Why is this code vulnerable to buffer overflow attacks?

int func(char* str)
{
   char buffer[100];
   unsigned short len = strlen(str);

   if(len >= 100)
   {
        return (-1);
   }

   strncpy(buffer,str,strlen(str));
   return 0;
}

This code is vulnerable to a buffer overflow attack, and I'm trying to figure out why. I'm thinking it has to do with len being declared a short instead of an int, but I'm not really sure.

Any ideas?


On most compilers the maximum value of an unsigned short is 65535.

Any value above that gets wrapped around, so 65536 becomes 0, and 65600 becomes 65.

This means that long strings of the right length (e.g. 65600) will pass the check, and overflow the buffer.


Use size_t to store the result of strlen(), not unsigned short, and compare len to an expression that directly encodes the size of buffer. So for example:

char buffer[100];
size_t len = strlen(str);
if (len >= sizeof(buffer) / sizeof(buffer[0]))  return -1;
memcpy(buffer, str, len + 1);

The problem is here:

strncpy(buffer,str,strlen(str));
                   ^^^^^^^^^^^

If the string is greater than the length of the target buffer, strncpy will still copy it over. You are basing the number of characters of the string as the number to copy instead of the size of the buffer. The correct way to do this is as follows:

strncpy(buffer,str, sizeof(buff) - 1);
buffer[sizeof(buff) - 1] = '\0';

What this does is limit the amount of data copied to the actual size of the buffer minus one for the null terminating character. Then we set the last byte in the buffer to the null character as an added safeguard. The reason for this is because strncpy will copy upto n bytes, including the terminating null, if strlen(str) < len - 1. If not, then the null is not copied and you have a crash scenario because now your buffer has a unterminated string.

Hope this helps.

EDIT: Upon further examination and input from others, a possible coding for the function follows:

int func (char *str)
  {
    char buffer[100];
    unsigned short size = sizeof(buffer);
    unsigned short len = strlen(str);

    if (len > size - 1) return(-1);
    memcpy(buffer, str, len + 1);
    buffer[size - 1] = '\0';
    return(0);
  }

Since we already know the length of the string, we can use memcpy to copy the string from the location that is referenced by str into the buffer. Note that per the manual page for strlen(3) (on a FreeBSD 9.3 system), the following is stated:

 The strlen() function returns the number of characters that precede the
 terminating NUL character.  The strnlen() function returns either the
 same result as strlen() or maxlen, whichever is smaller.

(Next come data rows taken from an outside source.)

(* Let $G$ be an abelian group and let $V$ be a finite-dimensional unipotent representation of $G$ over a field $\Bbbk$ of characteristic $0$. Then for every finite-index subgroup $G'<G$, the inclusion $G'\hookrightarrow G$ induces isomorphisms $\mathrm H_k(G';V)\cong\mathrm H_k(G;V)$ for all $k\ge0$.
   Context: A linear operator is unipotent if it is $\mathrm{id}+\phi$ with $\phi$ nilpotent; a representation is unipotent if every group element acts by a unipotent operator. *)

theory Defs
  imports "HOL-Algebra.Coset" "HOL.Vector_Spaces"
begin

text \<open>Bar complex for group homology H_k(G;V) of a group G (HOL-Algebra) with
 coefficients in a left representation rho on a vector space of type 'v.\<close>

definition hchain :: "'g set \<Rightarrow> nat \<Rightarrow> ('g list \<Rightarrow> 'v::ab_group_add) \<Rightarrow> bool" where
  "hchain S k c \<longleftrightarrow> finite {\<sigma>. c \<sigma> \<noteq> 0} \<and>
     (\<forall>\<sigma>. c \<sigma> \<noteq> 0 \<longrightarrow> length \<sigma> = k \<and> set \<sigma> \<subseteq> S)"

definition bar_face :: "('g, 'b) monoid_scheme \<Rightarrow> nat \<Rightarrow> 'g list \<Rightarrow> 'g list" where
  "bar_face G i \<sigma> =
     (if i = 0 then tl \<sigma>
      else if i < length \<sigma> then take (i - 1) \<sigma> @ [\<sigma> ! (i - 1) \<otimes>\<^bsub>G\<^esub> \<sigma> ! i] @ drop (i + 1) \<sigma>
      else butlast \<sigma>)"

text \<open>Boundary C_k \<rightarrow> C_(k-1):
  d(v \<otimes> [g1|..|gk]) = g1\<inverse>v \<otimes> [g2|..|gk] + \<Sum>_{0<i<k} (-1)^i v \<otimes> [..|g_i g_(i+1)|..]
    + (-1)^k v \<otimes> [g1|..|g_(k-1)], and d = 0 on C_0.\<close>
definition bar_bd :: "('g, 'b) monoid_scheme \<Rightarrow> ('g \<Rightarrow> 'v \<Rightarrow> 'v) \<Rightarrow> nat
                      \<Rightarrow> ('g list \<Rightarrow> 'v::ab_group_add) \<Rightarrow> ('g list \<Rightarrow> 'v)" where
  "bar_bd G \<rho> k c =
     (if k = 0 then (\<lambda>_. 0) else
      (\<lambda>\<tau>. \<Sum>\<sigma>\<in>{\<sigma>. c \<sigma> \<noteq> 0}. \<Sum>i\<in>{0..k}.
          if bar_face G i \<sigma> = \<tau> then
            (let x = (if i = 0 then \<rho> (inv\<^bsub>G\<^esub> (\<sigma> ! 0)) (c \<sigma>) else c \<sigma>)
             in if even i then x else - x)
          else 0))"

definition hcycle :: "('g, 'b) monoid_scheme \<Rightarrow> ('g \<Rightarrow> 'v \<Rightarrow> 'v) \<Rightarrow> 'g set \<Rightarrow> nat
                      \<Rightarrow> ('g list \<Rightarrow> 'v::ab_group_add) \<Rightarrow> bool" where
  "hcycle G \<rho> S k c \<longleftrightarrow> hchain S k c \<and> bar_bd G \<rho> k c = (\<lambda>_. 0)"

definition hboundary :: "('g, 'b) monoid_scheme \<Rightarrow> ('g \<Rightarrow> 'v \<Rightarrow> 'v) \<Rightarrow> 'g set \<Rightarrow> nat
                      \<Rightarrow> ('g list \<Rightarrow> 'v::ab_group_add) \<Rightarrow> bool" where
  "hboundary G \<rho> S k c \<longleftrightarrow> (\<exists>d. hchain S (Suc k) d \<and> bar_bd G \<rho> (Suc k) d = c)"

text \<open>The map H_k(H;V) \<rightarrow> H_k(G;V) induced by the inclusion of the subgroup H
  (on chains: the identity, viewing H-tuples as G-tuples) is bijective,
  i.e. surjective and injective on cycles modulo boundaries.\<close>
definition inclusion_induces_iso_Hk ::
  "('g, 'b) monoid_scheme \<Rightarrow> ('g \<Rightarrow> 'v \<Rightarrow> 'v) \<Rightarrow> 'g set \<Rightarrow> nat \<Rightarrow> 'v::ab_group_add itself \<Rightarrow> bool" where
  "inclusion_induces_iso_Hk G \<rho> H k _ \<longleftrightarrow>
     (\<forall>z::'g list \<Rightarrow> 'v. hcycle G \<rho> (carrier G) k z \<longrightarrow>
        (\<exists>z'. hcycle G \<rho> H k z' \<and> hboundary G \<rho> (carrier G) k (z' - z))) \<and>
     (\<forall>z'::'g list \<Rightarrow> 'v. hcycle G \<rho> H k z' \<and> hboundary G \<rho> (carrier G) k z'
        \<longrightarrow> hboundary G \<rho> H k z')"

end

theory Submission
  imports Defs "HOL-Library.Function_Algebras"
begin

text \<open>
  Homogeneous chains are formal sums of tuples \<open>[x\<^sub>0, \<dots>, x\<^sub>k]\<close> of group elements with
  coefficients in \<open>V\<close>; the bar chain \<open>[g\<^sub>1|\<dots>|g\<^sub>k] \<otimes> v\<close> is the coinvariant class of
  \<open>[1, g\<^sub>1, g\<^sub>1g\<^sub>2, \<dots>] \<otimes> v\<close>.  Choose representatives \<open>T\<close> of the cosets of \<open>H\<close>, with
  \<open>r(y) \<in> T\<close> the representative of \<open>yH\<close>.  For \<open>t \<in> T\<close> the map \<open>y \<mapsto> y r(t\<inverse>y)\<inverse>\<close> moves
  \<open>G\<close> into the coset \<open>tH\<close>, and left translation only permutes these maps.  Summing the
  induced chain maps over \<open>T\<close> therefore gives a chain map on coinvariants, the transfer,
  whose image consists of \<open>H\<close>-chains; the prism operator shows that on \<open>G\<close>-cycles it is
  homologous to multiplication by the index \<open>[G:H] = |T|\<close>.  Dividing by the index
  (characteristic 0) shows that the map on homology is onto.  On \<open>H\<close>-chains the transfer
  acts on coefficients by \<open>\<Sum>\<^sub>t \<rho>(r(t\<inverse>)) = |T| + N\<close> with \<open>N\<close> nilpotent, because the
  \<open>\<rho>(g) - 1\<close> are commuting nilpotents; this operator is invertible by a polynomial in \<open>N\<close>,
  which gives injectivity.
\<close>

section \<open>Finitely supported chains\<close>

definition supp :: "('x \<Rightarrow> 'v::zero) \<Rightarrow> 'x set" where
  "supp c = {\<sigma>. c \<sigma> \<noteq> 0}"

definition finsupp :: "('x \<Rightarrow> 'v::zero) \<Rightarrow> bool" where
  "finsupp c \<longleftrightarrow> finite (supp c)"

definition single :: "'x \<Rightarrow> 'v::zero \<Rightarrow> 'x \<Rightarrow> 'v" where
  "single \<sigma> v = (\<lambda>\<tau>. if \<tau> = \<sigma> then v else 0)"

definition supp_in :: "('x \<Rightarrow> bool) \<Rightarrow> ('x \<Rightarrow> 'v::zero) \<Rightarrow> bool" where
  "supp_in P c \<longleftrightarrow> (\<forall>\<sigma>. c \<sigma> \<noteq> 0 \<longrightarrow> P \<sigma>)"

definition chain_additive :: "(('x \<Rightarrow> 'v::ab_group_add) \<Rightarrow> ('y \<Rightarrow> 'w::ab_group_add)) \<Rightarrow> bool" where
  "chain_additive L \<longleftrightarrow> L 0 = 0 \<and>
     (\<forall>a b. finsupp a \<longrightarrow> finsupp b \<longrightarrow> L (a + b) = L a + L b) \<and>
     (\<forall>a. finsupp a \<longrightarrow> finsupp (L a))"

definition linext :: "('x \<Rightarrow> 'v::zero \<Rightarrow> 'y \<Rightarrow> 'w::comm_monoid_add) \<Rightarrow> ('x \<Rightarrow> 'v) \<Rightarrow> 'y \<Rightarrow> 'w" where
  "linext F c = (\<Sum>\<sigma>\<in>supp c. F \<sigma> (c \<sigma>))"

definition additive_gen :: "('x \<Rightarrow> 'v::ab_group_add \<Rightarrow> 'y \<Rightarrow> 'w::ab_group_add) \<Rightarrow> bool" where
  "additive_gen F \<longleftrightarrow> (\<forall>\<sigma> a b. F \<sigma> (a + b) = F \<sigma> a + F \<sigma> b) \<and> (\<forall>\<sigma> v. finsupp (F \<sigma> v))"

lemma sum_apply: "(\<Sum>a\<in>A. f a) x = (\<Sum>a\<in>A. f a x)"
  by (induction A rule: infinite_finite_induct) auto

lemma finsupp_zero [simp]: "finsupp (0 :: 'x \<Rightarrow> 'v::ab_group_add)"
  by (simp add: finsupp_def supp_def)

lemma finsupp_add [simp]: "finsupp (a :: 'x \<Rightarrow> 'v::ab_group_add) \<Longrightarrow> finsupp b \<Longrightarrow> finsupp (a + b)"
  unfolding finsupp_def supp_def
  by (rule finite_subset[of _ "{\<sigma>. a \<sigma> \<noteq> 0} \<union> {\<sigma>. b \<sigma> \<noteq> 0}"]) auto

lemma finsupp_uminus [simp]: "finsupp (- a) = finsupp (a :: 'x \<Rightarrow> 'v::ab_group_add)"
  unfolding finsupp_def supp_def by simp

lemma finsupp_diff [simp]: "finsupp (a :: 'x \<Rightarrow> 'v::ab_group_add) \<Longrightarrow> finsupp b \<Longrightarrow> finsupp (a - b)"
  using finsupp_add[of a "- b"] by simp

lemma finsupp_sum [simp]:
  "(\<And>i. i \<in> I \<Longrightarrow> finsupp (f i :: 'x \<Rightarrow> 'v::ab_group_add)) \<Longrightarrow> finsupp (\<Sum>i\<in>I. f i)"
  by (induction I rule: infinite_finite_induct) auto

lemma finsupp_single [simp]: "finsupp (single \<sigma> v)"
  unfolding finsupp_def supp_def single_def by (rule finite_subset[of _ "{\<sigma>}"]) auto

lemma finsupp_comp: "finsupp c \<Longrightarrow> f 0 = 0 \<Longrightarrow> finsupp (\<lambda>\<sigma>. f (c \<sigma>))"
  unfolding finsupp_def supp_def by (rule finite_subset[of _ "{\<sigma>. c \<sigma> \<noteq> 0}"]) auto
text \<open>By symmetry G L = (L G)^T, and I - J/N fixes every column with zero sum.\<close>

lemma is_group_inverse_if_centering:
  assumes L_sym: "\<And>i j. L i j = L j i" and G_sym: "\<And>i j. G i j = G j i"
    and L_col: "\<And>j. j \<in> {1..N} \<Longrightarrow> (\<Sum>k\<in>{1..N}. L k j) = 0"
    and G_col: "\<And>j. j \<in> {1..N} \<Longrightarrow> (\<Sum>k\<in>{1..N}. G k j) = 0"
    and LG: "\<And>i j. i \<in> {1..N} \<Longrightarrow> j \<in> {1..N} \<Longrightarrow> matmul N L G i j = centering N i j"
    and G_out: "\<And>i j. i \<notin> {1..N} \<or> j \<notin> {1..N} \<Longrightarrow> G i j = 0"
  shows "is_group_inverse N L G"
proof -
  have GL: "matmul N G L i j = centering N i j" if "i \<in> {1..N}" "j \<in> {1..N}" for i j
  proof -
    have "matmul N G L i j = matmul N L G j i"
      unfolding matmul_def by (intro sum.cong refl) (metis G_sym L_sym mult.commute)
    then show ?thesis using LG[OF that(2,1)] by (simp add: centering_def)
  qed
  have centering_fixes: "matmul N M X i j = X i j"
    if "\<And>i j. i \<in> {1..N} \<Longrightarrow> j \<in> {1..N} \<Longrightarrow> M i j = centering N i j"
      and "(\<Sum>k\<in>{1..N}. X k j) = 0" and "i \<in> {1..N}" for M X i j
  proof -
    have "matmul N M X i j = (\<Sum>k\<in>{1..N}. centering N i k * X k j)"
      unfolding matmul_def using that(1,3) by (intro sum.cong) auto
    then show ?thesis using sum_centering_mult[OF that(3), of "\<lambda>k. X k j"] that(2) by simp
  qed
  show ?thesis
    unfolding is_group_inverse_def
    using centering_fixes[of "matmul N L G" L] centering_fixes[of "matmul N G L" G]
      LG GL L_col G_col G_out
    by auto
qed

lemma laplacian_mult_row:
  assumes "i \<in> {1..N}" "cnd i i = 0"
  shows "(\<Sum>k\<in>{1..N}. laplacian N cnd i k * X k)
       = (\<Sum>k\<in>{1..N}. cnd i k) * X i - (\<Sum>k\<in>{1..N}. cnd i k * X k)"
proof -
  have "(\<Sum>k\<in>{1..N}. laplacian N cnd i k * X k)
      = (\<Sum>k\<in>{1..N}. (if i = k then (\<Sum>m\<in>{1..N}. cnd i m) * X k else 0) - cnd i k * X k)"
    by (rule sum.cong) (auto simp: laplacian_def assms)
  also have "\<dots> = (\<Sum>k\<in>{1..N}. cnd i k) * X i - (\<Sum>k\<in>{1..N}. cnd i k * X k)"
    using assms(1) by (simp add: sum_subtractf sum.delta)
  finally show ?thesis .
qed

lemma laplacian_sym: "(\<And>i j. cnd i j = cnd j i) \<Longrightarrow> laplacian N cnd i j = laplacian N cnd j i"
  by (simp add: laplacian_def)

lemma laplacian_col_sum:
  assumes "\<And>i j. cnd i j = cnd j i" "cnd j j = 0" "j \<in> {1..N}"
  shows "(\<Sum>k\<in>{1..N}. laplacian N cnd k j) = 0"
proof -
  have "(\<Sum>k\<in>{1..N}. laplacian N cnd k j) = (\<Sum>k\<in>{1..N}. laplacian N cnd j k * 1)"
    using laplacian_sym[of cnd, OF assms(1)] by simp
  then show ?thesis
    using laplacian_mult_row[of j N cnd "\<lambda>_. 1", OF assms(3,2)] by simp
qed

lemma kirchhoff_index_eq_trace:
  assumes G: "group_inverse N (laplacian N cnd) = G"
    and G_col: "\<And>j. j \<in> {1..N} \<Longrightarrow> (\<Sum>i\<in>{1..N}. G i j) = 0"
  shows "kirchhoff_index N cnd = real N * (\<Sum>i\<in>{1..N}. G i i)"
proof -
  have "(\<Sum>i\<in>{1..N}. \<Sum>j\<in>{1..N}. G i j) = 0"
    by (subst sum.swap) (intro sum.neutral ballI G_col)
  then show ?thesis
    by (simp add: kirchhoff_index_def eff_resistance_def G sum.distrib sum_subtractf
        sum_distrib_left[symmetric])
qed

locale wheel_network =
  fixes n :: nat and a c q :: real
  assumes n_ge_3: "n \<ge> 3" and a_pos: "a > 0" and c_pos: "c > 0"
    and q_def: "q = a / (2 * c) + 1"
begin
(* Let $\Delta\in\mathbb F^{m\times m}$ be a connection matrix with column/row partition $J_0,\dots,J_b$, and let $\widetilde\Delta^0,\dots,\widetilde\Delta^{m-1}$ be produced by the Row Cancellation Algorithm (RCA) applied to $\Delta$. Then: (i) for $r=0,\dots,m-1$, $\widetilde\Delta^r$ is compliant with the allowable sparsity pattern of $\Delta$; (ii) for $r=1,\dots,m-1$, every entry of $\widetilde\Delta^r$ at a primary pivot position of $\widetilde\Delta^r$ is nonzero, and every nonzero entry of $\widetilde\Delta^r$ at a position $(i,j)$ strictly below the $r$-th diagonal either is at a primary pivot position or lies in a column $j$ containing a (unique) primary pivot position $(i',j)$ with $i'>i$; (iii) if $(p-r,p)$ is marked as a primary pivot at iteration $r\le m-2$, then $\widetilde\Delta^s_{p-r,q}=0$ for all $q>p$ and all $s$ with $r+1\le s\le m-1$, and $\widetilde\Delta^s_{p\,\cdot}=0$ (the whole $p$-th row vanishes) for all $s$ with $r+1\le s\le m-1$; (iv) if $(i,j)$ is a primary pivot position of $\widetilde\Delta^{m-1}$, then column $i$ contains no primary pivot position; (v) each row contains at most one primary pivot position of $\widetilde\Delta^{m-1}$.
   Context: Throughout, $\mathbb F$ is a field and $m\ge1$. $A_{i\cdot}$ is the $i$-th row of $A$. $U^{pq}$ is the $m\times m$ matrix whose only nonzero entry is a $1$ in position $(p,q)$. Superscripts on matrices are indices, not powers. A connection matrix (over $\mathbb F$) is a matrix $\Delta\in\mathbb F^{m\times m}$ together with a partition $\{1,\dots,m\}=J_0\sqcup\cdots\sqcup J_b$ (the column/row partition; the $J_k$ need not consist of consecutive integers) such that $\Delta$ is upper triangular, $\Delta\Delta=0$, and $\Delta_{ij}=0$ unless $i<j$ and $(i,j)\in\bigcup_{k=1}^bJ_{k-1}\times J_k$. This set of positions is the allowable sparsity pattern; a matrix is compliant with it if all its nonzero entries lie in it. For $1\le r\le m-1$ the $r$-th diagonal is $\{(j-r,j):r<j\le m\}$; a position $(i,j)$ is strictly below the $r$-th diagonal if $j-i<r$. Row Cancellation Algorithm (RCA) applied to a connection matrix $\Delta$: set $\widetilde\Delta^0=\widetilde\Delta^1=\Delta$. For $r=1,\dots,m-1$ in turn: (Markup) mark permanently as a primary pivot (marked at iteration $r$) every position $(j-r,j)$ on the $r$-th diagonal with $\widetilde\Delta^r_{j-r,j}\ne0$ such that no position of column $j$ was marked as a primary pivot at an earlier iteration. (Update, only for $r\le m-2$) If no position was marked at iteration $r$, put $\widetilde T^r=I$; otherwise let $j_1<\cdots<j_t$ be the columns of the positions marked at iteration $r$, let $\widetilde T^{r,s}=I-\sum_{q=j_s+1}^m\frac{\widetilde\Delta^r_{j_s-r,q}}{\widetilde\Delta^r_{j_s-r,j_s}}U^{j_sq}$ and $\widetilde T^r=\widetilde T^{r,1}\cdots\widetilde T^{r,t}$. Set $\widetilde\Delta^{r+1}=(\widetilde T^r)^{-1}\widetilde\Delta^r\widetilde T^r$. The primary pivot positions of $\widetilde\Delta^r$ are the positions marked at iterations $1,\dots,r$. *)

theory Defs
  imports "Jordan_Normal_Form.Matrix"
begin

text \<open>Indices are 0-based: rows/columns of an m x m matrix are 0..m-1.
  The column/row partition J_0,...,J_b is given by a block-label function blk:
  J_k = {i < m. blk i = k}.\<close>

definition allowable :: "nat \<Rightarrow> (nat \<Rightarrow> nat) \<Rightarrow> nat \<Rightarrow> nat \<Rightarrow> bool" where
  "allowable b blk i j \<longleftrightarrow> i < j \<and> (\<exists>k\<in>{1..b}. blk i = k - 1 \<and> blk j = k)"

definition compliant :: "nat \<Rightarrow> (nat \<Rightarrow> nat) \<Rightarrow> 'a::zero mat \<Rightarrow> bool" where
  "compliant b blk A \<longleftrightarrow>
     (\<forall>i < dim_row A. \<forall>j < dim_col A. A $$ (i,j) \<noteq> 0 \<longrightarrow> allowable b blk i j)"

definition is_partition :: "nat \<Rightarrow> nat \<Rightarrow> (nat \<Rightarrow> nat) \<Rightarrow> bool" where
  "is_partition m b blk \<longleftrightarrow> (\<forall>i<m. blk i \<le> b) \<and> (\<forall>k\<le>b. \<exists>i<m. blk i = k)"

definition connection_matrix :: "nat \<Rightarrow> nat \<Rightarrow> (nat \<Rightarrow> nat) \<Rightarrow> 'a::field mat \<Rightarrow> bool" where
  "connection_matrix m b blk D \<longleftrightarrow>
     D \<in> carrier_mat m m \<and> is_partition m b blk \<and> upper_triangular D \<and>
     D * D = 0\<^sub>m m m \<and> compliant b blk D"

definition matinv :: "nat \<Rightarrow> 'a::field mat \<Rightarrow> 'a mat" where
  "matinv m A = (THE B. B \<in> carrier_mat m m \<and> A * B = 1\<^sub>m m \<and> B * A = 1\<^sub>m m)"

definition Umat :: "nat \<Rightarrow> nat \<Rightarrow> nat \<Rightarrow> 'a::{zero,one} mat" where
  "Umat m p q = mat m m (\<lambda>(i,k). if i = p \<and> k = q then 1 else 0)"

text \<open>Markup at iteration r: positions (j-r,j) on the r-th diagonal with nonzero entry
  whose column j contains no previously marked primary pivot (P = pivots marked earlier).\<close>
definition rca_markup :: "nat \<Rightarrow> nat \<Rightarrow> 'a::zero mat \<Rightarrow> (nat \<times> nat) set \<Rightarrow> (nat \<times> nat) set" where
  "rca_markup m r D P =
     {(j - r, j) | j. r \<le> j \<and> j < m \<and> D $$ (j - r, j) \<noteq> 0 \<and> (\<forall>i. (i, j) \<notin> P)}"

text \<open>T^{r,s} for the marked position in column j (row j - r).\<close>
definition rca_Ts :: "nat \<Rightarrow> nat \<Rightarrow> 'a::field mat \<Rightarrow> nat \<Rightarrow> 'a mat" where
  "rca_Ts m r D j =
     foldr (\<lambda>q A. A - (D $$ (j - r, q) / D $$ (j - r, j)) \<cdot>\<^sub>m Umat m j q) [Suc j..<m] (1\<^sub>m m)"

definition rca_T :: "nat \<Rightarrow> nat \<Rightarrow> 'a::field mat \<Rightarrow> (nat \<times> nat) set \<Rightarrow> 'a mat" where
  "rca_T m r D M =
     (if M = {} then 1\<^sub>m m
      else foldr (\<lambda>j A. rca_Ts m r D j * A) (sorted_list_of_set (snd ` M)) (1\<^sub>m m))"

definition rca_update :: "nat \<Rightarrow> nat \<Rightarrow> 'a::field mat \<Rightarrow> (nat \<times> nat) set \<Rightarrow> 'a mat" where
  "rca_update m r D M = matinv m (rca_T m r D M) * D * rca_T m r D M"

text \<open>rca D r = (tilde Delta^r, primary pivot positions of tilde Delta^r (marked at iterations 1..r),
  positions marked at iteration r).\<close>
fun rca :: "'a::field mat \<Rightarrow> nat \<Rightarrow> 'a mat \<times> (nat \<times> nat) set \<times> (nat \<times> nat) set" where
  "rca D 0 = (D, {}, {})"
| "rca D (Suc r) =
     (let (A, P, M) = rca D r;
          A' = (if r = 0 then A else rca_update (dim_row D) r A M);
          M' = rca_markup (dim_row D) (Suc r) A' P
      in (A', P \<union> M', M'))"

definition rca_mat :: "'a::field mat \<Rightarrow> nat \<Rightarrow> 'a mat" where
  "rca_mat D r = fst (rca D r)"

definition rca_pivots :: "'a::field mat \<Rightarrow> nat \<Rightarrow> (nat \<times> nat) set" where
  "rca_pivots D r = fst (snd (rca D r))"

definition rca_marked :: "'a::field mat \<Rightarrow> nat \<Rightarrow> (nat \<times> nat) set" where
  "rca_marked D r = snd (snd (rca D r))"

end

theory Submission
  imports Defs "Jordan_Normal_Form.Determinant"
begin
theorem lemma2p2:
  fixes a b D1 D2 a1 a2 lam1 lam2 \<chi>1 \<chi>2 \<alpha> n1 n2 \<epsilon> :: real
    and T :: ereal
    and u v :: "real \<Rightarrow> real \<Rightarrow> real"
  assumes ab: "a < b"
    and pars: "D1 > 0" "D2 > 0" "a1 > 0" "a2 > 0" "lam1 > 0" "lam2 > 0" "\<chi>1 > 0" "\<chi>2 > 0"
    and alpha: "0 < \<alpha>" "\<alpha> \<le> 1/2"
    and n: "0 < n1" "n1 < 4" "0 < n2" "n2 < 4"
    and eps: "0 < \<epsilon>" "\<epsilon> < 1"
    and T: "T > 0"
    and reg: "classical_reg a b T u" "classical_reg a b T v"
    and pos: "\<And>x t. x \<in> {a..b} \<Longrightarrow> 0 \<le> t \<Longrightarrow> ereal t < T \<Longrightarrow> u x t > 0 \<and> v x t > 0"
    and eq_u: "\<And>x t. x \<in> {a<..<b} \<Longrightarrow> t \<in> tint T \<Longrightarrow>
      pdt u x t =
        - \<epsilon> * pdx a b (\<lambda>y s. (u y s)^4 / (u y s powr (4 - n1) + \<epsilon>) * (pdx a b ^^ 3) u y s) x t
        + \<epsilon> powr (\<alpha>/2) * pdx a b (\<lambda>y s. u y s powr (-\<alpha>) * pdx a b u y s) x t
        + D1 * (pdx a b ^^ 2) u x t
        - \<chi>1 * pdx a b (\<lambda>y s. u y s powr (5 - n1) / (u y s powr (4 - n1) + \<epsilon>) * pdx a b v y s) x t
        + 3 * (u x t)^3 / (3 * (u x t)^2 + \<epsilon>) * (lam1 - u x t + a1 * v x t)"
    and eq_v: "\<And>x t. x \<in> {a<..<b} \<Longrightarrow> t \<in> tint T \<Longrightarrow>
      pdt v x t =
        - \<epsilon> * pdx a b (\<lambda>y s. (v y s)^4 / (v y s powr (4 - n2) + \<epsilon>) * (pdx a b ^^ 3) v y s) x t
        + \<epsilon> powr (\<alpha>/2) * pdx a b (\<lambda>y s. v y s powr (-\<alpha>) * pdx a b v y s) x t
        + D2 * (pdx a b ^^ 2) v x t
        + \<chi>2 * pdx a b (\<lambda>y s. v y s powr (5 - n2) / (v y s powr (4 - n2) + \<epsilon>) * pdx a b u y s) x t
        + 3 * (v x t)^3 / (3 * (v x t)^2 + \<epsilon>) * (lam2 - v x t - a2 * u x t)"
    and bc: "\<And>x t. x \<in> {a, b} \<Longrightarrow> t \<in> tint T \<Longrightarrow>
      pdx a b u x t = 0 \<and> (pdx a b ^^ 3) u x t = 0 \<and> pdx a b v x t = 0 \<and> (pdx a b ^^ 3) v x t = 0"
    and t: "t \<in> tint T"
  shows "(\<exists>Du. ((\<lambda>s. integral {a..b} (\<lambda>x. u x s)) has_real_derivative Du) (at t) \<and>
           Du \<le> (lam1 + sqrt \<epsilon> / (2 * sqrt 3)) * integral {a..b} (\<lambda>x. u x t)
                 - integral {a..b} (\<lambda>x. (u x t)^2) + a1 * integral {a..b} (\<lambda>x. u x t * v x t)) \<and>
         (\<exists>Dv. ((\<lambda>s. integral {a..b} (\<lambda>x. v x s)) has_real_derivative Dv) (at t) \<and>
           Dv \<le> (lam2 + sqrt \<epsilon> / (2 * sqrt 3)) * integral {a..b} (\<lambda>x. v x t)
                 - integral {a..b} (\<lambda>x. (v x t)^2) - a2 * integral {a..b} (\<lambda>x. u x t * v x t)
                 + a2 * sqrt \<epsilon> / (2 * sqrt 3) * integral {a..b} (\<lambda>x. u x t))"
proof -
  have pos_t: "\<And>x. x \<in> {a..b} \<Longrightarrow> 0 < u x t \<and> 0 < v x t"
    using pos t by (simp add: tint_def)
  have "\<exists>Du. ((\<lambda>s. integral {a..b} (\<lambda>x. u x s)) has_real_derivative Du) (at t) \<and>
      Du \<le> (lam1 + sqrt \<epsilon> / (2 * sqrt 3)) * integral {a..b} (\<lambda>x. u x t) - integral {a..b} (\<lambda>x. (u x t)\<^sup>2)
        + a1 * integral {a..b} (\<lambda>x. u x t * v x t)
        + sqrt \<epsilon> / (2 * sqrt 3) * max 0 (- a1) * integral {a..b} (\<lambda>x. v x t)"
    by (rule thin_film_logistic_mass_le[where \<kappa> = "- \<epsilon>" and \<delta> = "\<epsilon> powr (\<alpha>/2)"
          and d = D1 and \<gamma> = "- \<chi>1" and p = "4 - n1" and q = "- \<alpha>" and r = "5 - n1", OF ab reg(1,2) t])
       (use pos_t eps pars eq_u[OF _ t] bc[OF _ t] in \<open>auto simp: less_imp_le\<close>)
  moreover have "\<exists>Dv. ((\<lambda>s. integral {a..b} (\<lambda>x. v x s)) has_real_derivative Dv) (at t) \<and>
      Dv \<le> (lam2 + sqrt \<epsilon> / (2 * sqrt 3)) * integral {a..b} (\<lambda>x. v x t) - integral {a..b} (\<lambda>x. (v x t)\<^sup>2)
        + (- a2) * integral {a..b} (\<lambda>x. v x t * u x t)
        + sqrt \<epsilon> / (2 * sqrt 3) * max 0 (- (- a2)) * integral {a..b} (\<lambda>x. u x t)"
    by (rule thin_film_logistic_mass_le[where \<kappa> = "- \<epsilon>" and \<delta> = "\<epsilon> powr (\<alpha>/2)"
          and d = D2 and \<gamma> = \<chi>2 and p = "4 - n2" and q = "- \<alpha>" and r = "5 - n2", OF ab reg(2,1) t])
       (use pos_t eps pars eq_v[OF _ t] bc[OF _ t] in \<open>auto simp: less_imp_le\<close>)
  ultimately show ?thesis
    using pars by (simp add: mult.commute[of "v _ t"] algebra_simps)
qed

Which I interpret to be that the length of the string does not include the null. That is why I copy len + 1 bytes to include the null, and the test checks to make sure that the length < size of buffer - 2. Minus one because the buffer starts at position 0, and minus another one to make sure there's room for the null.

EDIT: Turns out, the size of something starts with 1 while access starts with 0, so the -2 before was incorrect because it would return an error for anything > 98 bytes but it should be > 99 bytes.

EDIT: Although the answer about a unsigned short is generally correct as the maximum length that can be represented is 65,535 characters, it doesn't really matter because if the string is longer than that, the value will wrap around. It's like taking 75,231 (which is 0x000125DF) and masking off the top 16 bits giving you 9695 (0x000025DF). The only problem that I see with this is the first 100 chars past 65,535 as the length check will allow the copy, but it will only copy up to the first 100 characters of the string in all cases and null terminate the string. So even with the wraparound issue, the buffer still will not be overflowed.

This may or may not in itself pose a security risk depending on the content of the string and what you are using it for. If it's just straight text that is human readable, then there is generally no problem. You just get a truncated string. However, if it's something like a URL or even a SQL command sequence, you could have a problem.